Reputation: 7659
This question is similar to but different from other SO questions involving removal of duplicate rows in MySQL.
Chosen solutions in the referenced questions(below) fail where one or more of the columns contain NULL values.
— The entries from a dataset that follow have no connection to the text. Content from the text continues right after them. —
(* Let $\Omega$ be a bounded domain in $\mathbb{R}^n$, $p\geq 1$, let $f$ satisfy the standing assumptions with $k=(f')^{-1}$, and let $\nu=\sum_{i=1}^m a_i\delta_{x_i}\in\mathcal{P}(\Omega)$ be a purely atomic probability with finitely many atoms $x_1,\dots,x_m$. If $\mu=u\cdot\mathcal{L}^n$ minimizes $\mathfrak{F}^p_\nu$ over $\mathcal{P}(\Omega)$, then there exist constants $c_1,\dots,c_m\in\mathbb{R}$ such that $$u(x)=k\Big(\max\big\{c_1-|x-x_1|^p,\dots,c_m-|x-x_m|^p,0\big\}\Big)\quad\text{for a.e. }x\in\Omega.$$ In particular, up to a Lebesgue-null set, $\{u>0\}=\Omega\cap\bigcup_{i:\,c_i>0}B(x_i,c_i^{1/p})$.
   Context: A bounded domain is a bounded set $\Omega\subset\mathbb{R}^n$ which is the closure of a nonempty connected open set and whose boundary is Lebesgue-negligible. $\mathcal{P}(\Omega)$ is the set of Borel probability measures on $\Omega$. Standing assumptions on $f$: $f:[0,+\infty)\to[0,+\infty)$ is strictly convex and $C^1$, $f(0)=0$, $f'(0)=0$, and $\lim_{t\to+\infty}f(t)/t=+\infty$; $k=(f')^{-1}:[0,+\infty)\to[0,+\infty)$, continuous and strictly increasing with $k(0)=0$. $T_p(\mu,\nu)=\inf_\gamma\int|x-y|^p\,d\gamma$ over transport plans. $F(\mu)=\int_\Omega f(u)\,dx$ if $\mu=u\cdot\mathcal{L}^n$, $+\infty$ otherwise. $\mathfrak{F}^p_\nu(\mu)=T_p(\mu,\nu)+F(\mu)$. $B(x,r)$ is the open ball of center $x$ and radius $r$. *)

theory Defs
  imports "HOL-Analysis.Analysis" "HOL-Probability.Probability"
begin

definition bounded_domain :: "'a::euclidean_space set \<Rightarrow> bool" where
  "bounded_domain \<Omega> \<longleftrightarrow> bounded \<Omega> \<and>
     (\<exists>U. open U \<and> connected U \<and> U \<noteq> {} \<and> \<Omega> = closure U) \<and>
     frontier \<Omega> \<in> null_sets lborel"

definition prob_on :: "'a::euclidean_space set \<Rightarrow> 'a measure set" where
  "prob_on \<Omega> = {M. prob_space M \<and> sets M = sets borel \<and> emeasure M (- \<Omega>) = 0}"

definition transport_plans :: "'a::euclidean_space measure \<Rightarrow> 'a measure \<Rightarrow> ('a \<times> 'a) measure set" where
  "transport_plans \<mu> \<nu> = {\<gamma>. prob_space \<gamma> \<and> sets \<gamma> = sets borel \<and>
      distr \<gamma> borel fst = \<mu> \<and> distr \<gamma> borel snd = \<nu>}"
I'm including schema as well as two chosen answers in a sqlfiddle below, to illustrate where the previous solutions are not working.
Source schema:
CREATE TABLE IF NOT EXISTS `deldup` (
`or_id` int(11) NOT NULL AUTO_INCREMENT,
`order_id` varchar(5) NOT NULL,
`txt_value` varchar(20) NOT NULL,
`date_of_revision` date NOT NULL,
`status` int(3) DEFAULT NULL,
PRIMARY KEY (`or_id`)
) ENGINE=MyISAM DEFAULT CHARSET=latin1 AUTO_INCREMENT=16 ;
INSERT INTO `deldup` (`or_id`, `order_id`, `txt_value`, `date_of_revision`, `status`) VALUES
(1, '10001', 'ABC', '2003-03-06', NULL),
(2, '10001', 'RFE', '2003-03-11', NULL),
(3, '10002', 'ASE', '2009-08-05', NULL),
(4, '10003', 'PEF', '2001-11-03', NULL),
(5, '10004', 'OIU', '1999-10-29', NULL),
(6, '10005', 'FOO', '2002-03-01', NULL),
(7, '10006', 'RTY', '2005-08-19', NULL),
(8, '10001', 'NND', '2003-03-20', NULL),
(9, '10005', 'VBN', '2002-02-19', NULL),
(10, '10002', 'AAQ', '2009-08-13', NULL),
(11, '10002', 'EEW', '2009-08-07', NULL),
(12, '10001', 'ABC', '2003-03-06', 3),
(13, '10001', 'ABC', '2003-03-06', 3),
(14, '10001', 'ABC', '2003-03-06', NULL),
(15, '10001', 'ABC', '2003-03-06', NULL);
Solution Example 1:
http://sqlfiddle.com/#!2/983f3/1
create temporary table tmpTable (or_id int);
insert tmpTable
(or_id)
select or_id
from deldup yt
where exists
(
select *
from deldup yt2
where yt2.txt_value = yt.txt_value
and yt2.order_id = yt.order_id
and yt2.date_of_revision = yt.date_of_revision
and yt2.status = yt.status
and yt2.or_id > yt.or_id
);
delete
from deldup
where or_id in (select or_id from tmpTable);
Note that the rows containing non-null row values are successfully deleted, however rows containing null values are not removed (See row 14 and 15 in the resulting SELECT query).
Solution Example 2:
http://sqlfiddle.com/#!2/8a4f8/1
DELETE
n1
FROM
deldup n1,
deldup n2
WHERE
n1.or_id < n2.or_id AND
n1.order_id = n2.order_id AND
n1.txt_value = n2.txt_value AND
n1.date_of_revision = n2.date_of_revision AND
n1.status = n2.status
This solution involves less code and works just the same as Example 1, including the exclusion of rows containing null values.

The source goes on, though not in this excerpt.